[WHAT THE TASK REQUIRES]
All entries below must be given again word for word.

Segment Start: INFORMATION PROVIDED

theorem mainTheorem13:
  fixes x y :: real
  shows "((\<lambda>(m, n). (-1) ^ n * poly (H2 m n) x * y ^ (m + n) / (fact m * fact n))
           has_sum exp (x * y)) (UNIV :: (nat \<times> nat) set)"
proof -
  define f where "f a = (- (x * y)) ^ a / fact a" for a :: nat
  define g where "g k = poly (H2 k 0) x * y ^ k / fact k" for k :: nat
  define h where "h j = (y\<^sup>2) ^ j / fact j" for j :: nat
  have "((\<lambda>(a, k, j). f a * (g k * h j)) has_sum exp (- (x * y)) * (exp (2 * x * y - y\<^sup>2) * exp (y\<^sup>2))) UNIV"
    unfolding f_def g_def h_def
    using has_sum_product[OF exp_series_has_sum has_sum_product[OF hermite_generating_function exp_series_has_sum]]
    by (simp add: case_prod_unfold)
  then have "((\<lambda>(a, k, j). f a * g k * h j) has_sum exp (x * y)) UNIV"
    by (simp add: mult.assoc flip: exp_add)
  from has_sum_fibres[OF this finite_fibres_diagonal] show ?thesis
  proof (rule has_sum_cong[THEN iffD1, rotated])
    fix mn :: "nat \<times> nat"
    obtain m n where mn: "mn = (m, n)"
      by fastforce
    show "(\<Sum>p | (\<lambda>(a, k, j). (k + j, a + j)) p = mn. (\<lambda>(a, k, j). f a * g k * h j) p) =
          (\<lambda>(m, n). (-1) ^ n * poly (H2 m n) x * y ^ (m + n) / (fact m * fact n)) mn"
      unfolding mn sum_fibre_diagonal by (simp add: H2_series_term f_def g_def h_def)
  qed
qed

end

Segment End: INFORMATION PROVIDED

[ANSWER SECTION]
theorem mainTheorem13:
  fixes x y :: real
  shows "((\<lambda>(m, n). (-1) ^ n * poly (H2 m n) x * y ^ (m + n) / (fact m * fact n))
           has_sum exp (x * y)) (UNIV :: (nat \<times> nat) set)"
proof -
  define f where "f a = (- (x * y)) ^ a / fact a" for a :: nat
  define g where "g k = poly (H2 k 0) x * y ^ k / fact k" for k :: nat
  define h where "h j = (y\<^sup>2) ^ j / fact j" for j :: nat
  have "((\<lambda>(a, k, j). f a * (g k * h j)) has_sum exp (- (x * y)) * (exp (2 * x * y - y\<^sup>2) * exp (y\<^sup>2))) UNIV"
    unfolding f_def g_def h_def
    using has_sum_product[OF exp_series_has_sum has_sum_product[OF hermite_generating_function exp_series_has_sum]]
    by (simp add: case_prod_unfold)
  then have "((\<lambda>(a, k, j). f a * g k * h j) has_sum exp (x * y)) UNIV"
    by (simp add: mult.assoc flip: exp_add)
  from has_sum_fibres[OF this finite_fibres_diagonal] show ?thesis
  proof (rule has_sum_cong[THEN iffD1, rotated])
    fix mn :: "nat \<times> nat"
    obtain m n where mn: "mn = (m, n)"
      by fastforce
    show "(\<Sum>p | (\<lambda>(a, k, j). (k + j, a + j)) p = mn. (\<lambda>(a, k, j). f a * g k * h j) p) =
          (\<lambda>(m, n). (-1) ^ n * poly (H2 m n) x * y ^ (m + n) / (fact m * fact n)) mn"
      unfolding mn sum_fibre_diagonal by (simp add: H2_series_term f_def g_def h_def)
  qed
qed

end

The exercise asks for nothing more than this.